Running Llama 2 with llama.cpp, Accelerated by AMD Radeon RX 6900 GPU

Meta ・Llama 2 ・GPU acceleration

Running Llama 2 with llama.cpp, Accelerated by AMD Radeon RX 6900 GPU

・

22 Feb, 2024

This article is driven by two events:

Recently, Meta, the largest AI supplier of this AI season, heavily criticized in social and VR fields but revered as a living Bodhisattva in the AI sector, released Llama 2. It's said to compete head-to-head with OpenAI's GPT series and allows for easy fine-tuning.
About a month ago, llama.cpp added support for CLBlast.

So, my AMD Radeon card can now join the fun without much hassle.
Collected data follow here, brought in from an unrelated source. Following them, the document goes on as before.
lemma Fp_tendsto_Fminf:
  assumes K: "compact K" "K \<noteq> {}" "min_support K > 0"
  shows "((\<lambda>p. Fp p f K) \<longlongrightarrow> Fminf K) at_bot"
proof (rule order_tendstoI)
  fix y assume "y > Fminf K"
  show "eventually (\<lambda>p. Fp p f K < y) at_bot"
    using eventually_gt_at_bot[of "0::real"]
    by (rule eventually_mono) (use Fp_le_Fminf[OF K] \<open>y > Fminf K\<close> in fastforce)
next
  fix y assume "y < Fminf K"
  define D where "D = real DIM('a)"
  define L where "L e = Vol K * (min_support K + e) powr (- D)" for e
  have "(L \<longlongrightarrow> L 0) (at_right 0)"
    unfolding L_def using K(3) by (intro tendsto_intros) auto
  moreover have "L 0 = Fminf K"
    using K(3) by (simp add: L_def Fminf_eq powr_minus_divide D_def powr_realpow)
  ultimately have "eventually (\<lambda>e. y < L e) (at_right 0)"
    using \<open>y < Fminf K\<close> by (simp add: order_tendstoD(1))
  then obtain e where "e > 0" "y < L e"
    by (metis eventually_at_right_field dense)
  obtain \<delta> where "\<delta> > 0" and \<delta>: "\<And>p. p < 0 \<Longrightarrow> L e * \<delta> powr (- D / p) \<le> Fp p f K"
    using Fp_lower_bound[OF K \<open>e > 0\<close>] unfolding L_def D_def by blast
  have "((\<lambda>p::real. - D / p) \<longlongrightarrow> 0) at_bot"
    by (intro tendsto_divide_0[OF tendsto_const]
        filterlim_mono[OF filterlim_ident order_refl at_bot_le_at_infinity])
  then have "((\<lambda>p. L e * \<delta> powr (- D / p)) \<longlongrightarrow> L e * \<delta> powr 0) at_bot"
    using \<open>\<delta> > 0\<close> by (intro tendsto_intros) auto
  then have "eventually (\<lambda>p. y < L e * \<delta> powr (- D / p)) at_bot"
    using \<open>\<delta> > 0\<close> \<open>y < L e\<close> by (intro order_tendstoD(1)) auto
  then show "eventually (\<lambda>p. y < Fp p f K) at_bot"
    using eventually_gt_at_bot[of 0] by eventually_elim (use \<delta> in fastforce)
qed

lemma SUP_Fp_tendsto_SUP_Fminf:
  assumes S: "orth_subgroup S" "spanning_property S"
  shows "((\<lambda>p. SUP K\<in>K0 S. ereal (Fp p f K)) \<longlongrightarrow> (SUP K\<in>K0 S. ereal (Fminf K))) at_bot"
proof (rule order_tendstoI)
  fix y assume "y < (SUP K\<in>K0 S. ereal (Fminf K))"
  then obtain K where K: "K \<in> K0 S" "y < ereal (Fminf K)" by (auto simp: less_SUP_iff)
  have "((\<lambda>p. ereal (Fp p f K)) \<longlongrightarrow> ereal (Fminf K)) at_bot"
    using Fp_tendsto_Fminf[OF K0D(1,2)[OF K(1)] min_support_pos[OF S K(1)]] by (rule tendsto_ereal)
  then have "eventually (\<lambda>p. y < ereal (Fp p f K)) at_bot"
    using K(2) by (rule order_tendstoD(1))
  then show "eventually (\<lambda>p. y < (SUP K\<in>K0 S. ereal (Fp p f K))) at_bot"
    by eventually_elim (use K(1) in \<open>auto simp: less_SUP_iff\<close>)
next
  fix y assume y: "y > (SUP K\<in>K0 S. ereal (Fminf K))"
  have le: "(SUP K\<in>K0 S. ereal (Fp p f K)) \<le> (SUP K\<in>K0 S. ereal (Fminf K))" if "p < 0" for p
    using Fp_le_Fminf[OF K0D(1,2) min_support_pos[OF S] that] by (intro SUP_mono) auto
  show "eventually (\<lambda>p. (SUP K\<in>K0 S. ereal (Fp p f K)) < y) at_bot"
    using eventually_gt_at_bot[of "0::real"]
    by (rule eventually_mono) (use le y in \<open>auto intro: le_less_trans\<close>)
qed

lemma Kp_iff: "K \<in> Kp p f S \<longleftrightarrow> K \<in> K0 S \<and> support_moment f K p = 1"
  unfolding Kp_def support_moment_def using sphere_int_f_pos by auto

lemma Fp_eq_Vol_if_Kp:
  assumes "K \<in> Kp p f S"
  shows "Fp p f K = Vol K"
  using assms unfolding Kp_iff Fp_eq_support_moment by simp

lemma unit_cball_in_Kp:
  assumes "orth_subgroup S"
  shows "cball 0 1 \<in> Kp p f S"
proof -
  have "sphere_int (\<lambda>u. f u * support_fun (cball 0 1) u powr p) = sphere_int f"
    by (rule sphere_int_cong) (simp add: support_fun_unit_cball)
  then show ?thesis
    unfolding Kp_iff support_moment_def using unit_cball_in_K0[OF assms] sphere_int_f_pos by simp
qed

lemma support_moment_scaleR:
  assumes "compact K" "0 \<in> K" "t > 0"
  shows "support_moment f ((\<lambda>x. t *\<^sub>R x) ` K) p = t powr p * support_moment f K p"
proof -
  have "K \<noteq> {}" using assms(2) by blast
  have scale: "f u * support_fun ((\<lambda>x. t *\<^sub>R x) ` K) u powr p
      = t powr p * (f u * support_fun K u powr p)"
    for u
    unfolding support_fun_scaleR[OF assms(1) \<open>K \<noteq> {}\<close> assms(3)]
    using support_fun_nonneg[OF assms(1,2)] assms(3) by (simp add: powr_mult)
  have "sphere_int (\<lambda>u. f u * support_fun ((\<lambda>x. t *\<^sub>R x) ` K) u powr p)
      = t powr p * sphere_int (\<lambda>u. f u * support_fun K u powr p)"
    unfolding scale by (rule sphere_int_cmult)
  then show ?thesis
    unfolding support_moment_def by simp
qed

lemma Fp_le_Kp_Vol_bound:
  assumes S: "orth_subgroup S" "spanning_property S" and K: "K \<in> K0 S" and "p < 0"
    and bound: "\<And>K'. K' \<in> Kp p f S \<Longrightarrow> Vol K' \<le> V"
  shows "Fp p f K \<le> V"
proof -
  define M where "M = support_moment f K p"
  have "M > 0"
    unfolding M_def using K0D(1,2)[OF K] min_support_pos[OF S K] \<open>p < 0\<close>
    by (rule support_moment_pos)
  define t where "t = M powr (- 1 / p)"
  have "t > 0" using \<open>M > 0\<close> by (simp add: t_def)
  have "t powr p = M powr ((- 1 / p) * p)" unfolding t_def by (rule powr_powr)
  also have "(- 1 / p) * p = - 1" using \<open>p < 0\<close> by simp
  finally have "t powr p = 1 / M" using \<open>M > 0\<close> by (simp add: powr_minus_divide)
  then have "(\<lambda>x. t *\<^sub>R x) ` K \<in> Kp p f S"
    unfolding Kp_iff support_moment_scaleR[OF K0D(1,3)[OF K] \<open>t > 0\<close>] M_def[symmetric]
    using K0_scaleR[OF S(1) K \<open>t > 0\<close>] \<open>M > 0\<close> by simp
  then have "Vol ((\<lambda>x. t *\<^sub>R x) ` K) \<le> V" by (rule bound)
  moreover have "t ^ DIM('a) = M powr (- real DIM('a) / p)"
  proof -
    have "t ^ DIM('a) = t powr real DIM('a)" using \<open>t > 0\<close> by (simp add: powr_realpow)
    also have "\<dots> = M powr ((- 1 / p) * real DIM('a))" unfolding t_def by (rule powr_powr)
    finally show ?thesis by simp
  qed
  ultimately show ?thesis
    unfolding Fp_eq_support_moment Vol_scaleR[OF \<open>t > 0\<close>] M_def by (simp add: mult.commute)
qed

lemma Vol_le_Fminf_if_Kp:
  assumes S: "orth_subgroup S" "spanning_property S" and K: "K \<in> Kp p f S" and "p < 0"
  shows "Vol K \<le> Fminf K"
proof -
  have "K \<in> K0 S" using K by (simp add: Kp_iff)
  with K show ?thesis
    using Fp_le_Fminf[OF K0D(1,2) min_support_pos[OF S] \<open>p < 0\<close>] Fp_eq_Vol_if_Kp by metis
qed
Below, I'll share how to run llama.cpp + Llama 2 on Ubuntu 22.04 Jammy Jellyfish.

Download the Model

Thanks to TheBloke, who kindly provided the converted Llama 2 models for download:

Choose the version that fits your memory capacity. For example, the 70B version requires about 31GB~70GB of memory. I downloaded llama-2-13b-chat.ggmlv3.q4_K_M.bin.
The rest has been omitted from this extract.